Sundqvist T, Laurin P, Fälth-Magnusson K, Magnusson K E, Stenhammar L
Department of Medical Microbiology, Linköping University, Sweden.
J Pediatr Gastroenterol Nutr. 1998 Aug;27(2):196-8. doi: 10.1097/00005176-199808000-00013.
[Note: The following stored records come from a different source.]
(* Let $0<\beta<1$ and $0<\gamma<n$. If $b$ is a locally integrable function on $\mathbb{R}^n$ such that, for some $s(\cdot)\in\mathscr{B}(\mathbb{R}^n)$ and some constant $C$, $$\sup_{Q}\frac{1}{|Q|^{\beta/n}}\frac{\big\|\big(b-|Q|^{-\gamma/n}M_{\gamma,Q}(b)\big)\chi_Q\big\|_{L^{s(\cdot)}(\mathbb{R}^n)}}{\|\chi_Q\|_{L^{s(\cdot)}(\mathbb{R}^n)}}\le C,$$ (supremum over all cubes $Q\subset\mathbb{R}^n$), then $b\in\dot{\Lambda}_\beta(\mathbb{R}^n)$.
   Context: Cubes have sides parallel to the coordinate axes; $|Q|$ is Lebesgue measure and $\chi_Q$ the characteristic function. For a fixed cube $Q_0$ and $\gamma\ge0$, $M_{\gamma,Q_0}(f)(x)=\sup\{|Q|^{\gamma/n-1}\int_Q|f(y)|\,dy : x\in Q\subseteq Q_0\}$ for $x\in Q_0$. For $0<\beta<1$, $\dot{\Lambda}_\beta(\mathbb{R}^n)$ is the set of functions $b$ with $|b(x)-b(y)|\le C|x-y|^\beta$ for all $x,y$. For measurable $p(\cdot):\mathbb{R}^n\to[1,\infty)$, $L^{p(\cdot)}(\mathbb{R}^n)$ is the space of measurable $f$ with $\int(|f(x)|/\lambda)^{p(x)}dx<\infty$ for some $\lambda>0$, normed by $\|f\|_{L^{p(\cdot)}}=\inf\{\lambda>0:\int(|f(x)|/\lambda)^{p(x)}dx\le1\}$. $\mathscr{B}(\mathbb{R}^n)$ is the set of measurable $p(\cdot):\mathbb{R}^n\to[1,\infty)$ with $1<\operatorname{ess\,inf}p$, $\operatorname{ess\,sup}p<\infty$, such that the Hardy–Littlewood maximal function $M(f)(x)=\sup_{Q\ni x}|Q|^{-1}\int_Q|f|$ is bounded on $L^{p(\cdot)}(\mathbb{R}^n)$. *)

theory Defs
  imports "HOL-Analysis.Analysis"
begin

text \<open>Cubes with sides parallel to the coordinate axes (closed; boundaries are null sets).\<close>
definition is_cube :: "'a::euclidean_space set \<Rightarrow> bool" where
  "is_cube Q \<longleftrightarrow> (\<exists>a h. h > 0 \<and> Q = cbox a (a + h *\<^sub>R One))"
Celiac disease is characterized by morphologic and functional aberrations of the small intestinal mucosa, i.e., crypt hyperplasia, villous atrophy, infiltration of intraepithelial lymphocytes, and alteration of permeability. Nitric oxide has been shown to affect mucosal permeability after ischemia-reperfusion, but little is known about the regulatory role of nitric oxide in celiac disease. The purpose of this study was to assess nitric oxide production in children with celiac disease and in control subjects.
The sum of nitrite and nitrate in the urine was measured with a colorimetric method in 137 children with a median age of 3 years, 84 patients and 53 reference children, all of whom underwent a small intestinal biopsy to confirm or overrule suspicion of celiac disease.
Median urinary nitrite-nitrate concentration in celiac children was 3323 microM (4147 +/- 1102; mean +/- SEM) at first clinical examination and 2501 microM (2939 +/- 386) after gluten challenge, which was significantly higher than concentrations in reference children (1029 microM; 1174 +/- 116) and in children with celiac disease on a gluten-free diet (882 microM; 1369 +/- 360) (p < 0.0001).
A gluten-containing diet is associated with an increased nitrite-nitrate secretion in the urine in children with celiac disease, presumably as a result of nitric oxide synthase activation and nitric oxide production in the diseased small intestinal mucosa.
乳糜泻的特征是小肠黏膜出现形态和功能异常,即隐窝增生、绒毛萎缩、上皮内淋巴细胞浸润以及通透性改变。一氧化氮已被证明在缺血再灌注后会影响黏膜通透性,但关于一氧化氮在乳糜泻中的调节作用知之甚少。本研究的目的是评估乳糜泻患儿和对照受试者体内一氧化氮的生成情况。
采用比色法测定了137名中位年龄为3岁的儿童尿液中亚硝酸盐和硝酸盐的总量,其中84例患者和53例对照儿童均接受了小肠活检,以确诊或排除乳糜泻的怀疑。
初次临床检查时,乳糜泻患儿尿液中亚硝酸盐 - 硝酸盐的中位浓度为3323微摩尔(4147±1102;平均值±标准误),麸质激发试验后为2501微摩尔(2939±386),显著高于对照儿童(1029微摩尔;1174±116)和采用无麸质饮食的乳糜泻患儿(882微摩尔;1369±360)(p < 0.0001)。
含麸质饮食与乳糜泻患儿尿液中亚硝酸盐 - 硝酸盐分泌增加有关,这可能是由于患病小肠黏膜中一氧化氮合酶激活和一氧化氮生成所致。